И вот сегодня проснулся я, когда не слишком грубо, а даже как-то ласково, щелчок замка калитки тихонько позвал меня вернуться в Реальность. Обрывки вчерашнего дня не особо терзали мой мозг и были расплывчатыми. Вновь провалы в памяти. Но свой побег из Москвы в эту загадочную деревню я ещё припоминал. Слегка привстав, я чуть не выдал себя, когда колкая боль вновь истыкала мою спину, словно ножи, безжалостно рубящие хрящевые ткани животных на убоях. Калитка закрылась, когда замок вновь щёлкнул. По территории участка, по маленьким бетонным плиткам, ведущим к крыльцу дома, весело шла девушка, напевая звонким голоском песенку «Sally Cinnamon» из репертуара The Stone Roses.

«Хм…А у неё хороший вкус!» – подумалось мне.

Она была ещё совсем юной, возможно ей не было ещё и 18. Вроде обычная симпатичная девчонка, с уже хорошей грудью, и которой предстоит ещё немного дорасти до идеала, ноги уже прорастали рельефами на бёдрах и лодыжках, и личико, ещё такое светлое и невинное, сливающееся с русыми длинными волосами, небрежно завёрнутыми «в хвостик». Но почему-то, эта самая Мисс Обыкновенность меня цепляла. Она вошла в дом. Я сумел встать, превозмогая боль в спине, и когда вышел из-за виноградника, девушка тоже вышла на крыльцо.

– Простите, – в спешке начал я, – я не помню кто я, поймите меня.

Я ожидал криков паники, но она стояла и смотрела на меня, улыбаясь, как на непутёвого странника. Первое движение сделала всё-таки она, подойдя ко мне и протянув руку, разжав пальцы. В ладони было бледно-жёлтое яблоко.

– Антоновка, – сказала она, когда заметила мой удивлённый взгляд.

Я принял подарок и откусил его, превратив на время в значок компании Apple. Тут она взяла меня сразу за руку и чуть ли не насильно потянула за собой. Её рука была нежна кожей, но сильна мышцами.

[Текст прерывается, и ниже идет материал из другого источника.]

lemma inj_on_cinner_orthogonal:
  assumes "\<And>s t. s \<in> S \<Longrightarrow> t \<in> S \<Longrightarrow> s \<noteq> t \<Longrightarrow> cinner (\<phi> s) (\<phi> t) = 0"
    and "\<And>s. s \<in> S \<Longrightarrow> cinner (\<phi> s) (\<phi> s) \<noteq> 0"
  shows "inj_on \<phi> S"
proof (rule inj_onI, rule ccontr)
  fix s t assume "s \<in> S" "t \<in> S" "\<phi> s = \<phi> t" "s \<noteq> t"
  then have "cinner (\<phi> s) (\<phi> s) = 0" using assms(1)[of s t] by simp
  with assms(2) \<open>s \<in> S\<close> show False by blast
qed

definition assignment_of :: "(nat \<Rightarrow> nat \<Rightarrow> nat) \<Rightarrow> nat \<Rightarrow> nat \<Rightarrow> nat \<Rightarrow> real" where
  "assignment_of sel l k s = (if s = sel l k then 1 else 0)"

lemma sum_assignment_of:
  fixes f :: "nat \<Rightarrow> 'a::real_vector"
  assumes "sel l k < tau"
  shows "(\<Sum>s<tau. assignment_of sel l k s *\<^sub>R f s) = f (sel l k)"
proof -
  have "(\<Sum>s<tau. assignment_of sel l k s *\<^sub>R f s) = (\<Sum>s<tau. if s = sel l k then f s else 0)"
    by (intro sum.cong) (simp_all add: assignment_of_def)
  then show ?thesis using assms by simp
qed
lemma altc_gumm_chain:
  assumes "congruence ar A \<alpha>" "congruence ar A \<beta>" "congruence ar A Y"
    and "(z, x) \<in> \<alpha>" "(z, x) \<in> altc \<beta> Y M" "odd M"
  shows "(top3 A p z z x, x) \<in> altc (\<alpha> \<inter> \<beta>) Y (n * (M - 1) + 1)"
proof -
  have zx: "z \<in> carrier A" "x \<in> carrier A"
    using congruence_in_carrier[OF assms(1,4)] by auto
  have X: "congruence ar A (\<alpha> \<inter> \<beta>)"
    using congruence_Int[OF assms(1,2)] .
  note segment = altc_j_segment[OF assms(1-5)]
  define w where "w i = top3 A (j (i+1)) z (if even i then z else x) x" for i
  have "(w i, w (Suc i)) \<in> altc (\<alpha> \<inter> \<beta>) Y M" if "i < n" for i
  proof (cases "even i")
    case True
    then have "w (Suc i) = top3 A (j (i+1)) z x x"
      using j_xzz[of "i+1" z x] that zx by (simp add: w_def)
    then show ?thesis
      using segment[of "i+1"] True that by (simp add: w_def)
  next
    case False
    then have "w (Suc i) = top3 A (j (i+1)) z z x"
      using j_xxz[of "i+1" z x] that zx by (simp add: w_def)
    moreover have "(top3 A (j (i+1)) z x x, top3 A (j (i+1)) z z x) \<in> altc (\<alpha> \<inter> \<beta>) Y M"
      using segment[of "i+1"] that assms(6) converse_altc[of "\<alpha> \<inter> \<beta>" Y M]
        congruence_sym[OF X] congruence_sym[OF assms(3)] by auto
    ultimately show ?thesis
      using False by (simp add: w_def)
  qed
  moreover have "(w 0, w 0) \<in> \<alpha> \<inter> \<beta>"
    using zx wf_j[of 1] by (intro congruence_refl[OF X]) (simp add: w_def top3_in_carrier[OF algebra])
  ultimately have "(w 0, w n) \<in> altc (\<alpha> \<inter> \<beta>) Y (n * (M - 1) + 1)"
    using altc_chain[OF assms(6) congruence_trans[OF X]] by blast
  moreover have "w 0 = top3 A p z z x" "w n = x"
    using zx p_xxz j_last by (simp_all add: w_def)
  ultimately show ?thesis
    by simp
qed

– Не бойся… – всё также ласково сказала она, когда мы уже были в её хоромах.

Она ушла, поднявшись по лестнице на второй этаж, а меня оставила одного в гостиной с камином.

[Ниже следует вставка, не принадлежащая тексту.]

(* Let $K$ be a field of characteristic $p$ with $K \neq \mathbb{F}_2$, let $S \subseteq \mathbb{N}_0$ and $m \in \mathbb{N}$. Then: (1) $mS = \{ms : s \in S\}$ is a $K$-DML set over split torus if and only if $S$ is a $K$-DML set over split torus; (2) $m + S = \{m + s : s \in S\}$ is a $K$-DML set over split torus if and only if $S$ is a $K$-DML set over split torus.
   Context: For a quasi-projective variety $X$ over $K$, a set $S \subseteq \mathbb{N}_0$ is a $K$-DML set over $X$ if there exist an endomorphism $\Phi$ of $X$ (a morphism $X \to X$ defined over $K$), a point $\alpha \in X(K)$ and a closed subvariety $V \subseteq X$ defined over $K$ (not necessarily irreducible) such that $S = \{ n \in \mathbb{N}_0 : \Phi^n(\alpha) \in V(K)\}$. $S$ is a $K$-DML set over split torus if it is a $K$-DML set over $\mathbb{G}_m^k$ for some $k \in \mathbb{N}$. $\mathbb{N}$ denotes the positive integers and $\mathbb{N}_0 = \mathbb{N}\cup\{0\}$. *)

theory Defs
  imports Main
begin

text \<open>Laurent polynomials in k variables over K, i.e. elements of the coordinate ring
  K[x_1^{+-1},...,x_k^{+-1}] of the split torus G_m^k, represented by their finitely
  supported coefficient function on exponent vectors (int lists of length k).\<close>

type_synonym 'a lpoly = "int list \<Rightarrow> 'a"

definition is_lpoly :: "nat \<Rightarrow> ('a::zero) lpoly \<Rightarrow> bool" where
  "is_lpoly k f \<longleftrightarrow> finite {e. f e \<noteq> 0} \<and> (\<forall>e. f e \<noteq> 0 \<longrightarrow> length e = k)"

Я снял пальто и присел на диванчик, позволив своей спине почувствовать мягкость пуфиков. Ждал. Решил снять с себя потрёпанный пиджак, и, немного скомкав его, бросил на соседнее кресло. И как я раньше не чувствовал? Во внутреннем кармане пиджака что-то зашуршало. Это была смятая в трубочку тетрадка. Что это? И зачем мне она была нужна? Я поспешно открыл её и наспех пролистал от начала до конца, но страницы были пусты и белее снега. Лишь в серединке, на одном листочке красными чернилами было написано: «Где Правда, а где Вымысел?». Почерк был явно не мой, даже детский какой-то, а уж тетрадок с собой я точно никогда не носил.

– Ну, как себя чувствуешь? – насмешливо прозвучал уже знакомый женский голос.

Я дрогнул, выронив тетрадку на ковёр. Она присела тоже на диванчик, рядом со мной, и, заметив упавшую тетрадь, схватила её, опередив меня.

– Где Правда, а где Вымысел? – прочитала она медленно, а затем, отдав обратно мне тетрадку, спросила, – так ты знаешь?

– Нннет… – растерянно отвечал я, – а ты?

– Вроде должна знать… – поникнув головой, ответила она уже равнодушно.

Мы сидели совсем близко друг к другу. Молчание смущало. Внезапно, в главную дверь дома постучали. Эти самые «Тук! Тук!» синхронно отгремели с моим сердцебиением. Неужели полиция или кто-то там ещё меня нашли? А может, ложная тревога? Или простой односельчанин решил в гости зайти, как принято в деревнях?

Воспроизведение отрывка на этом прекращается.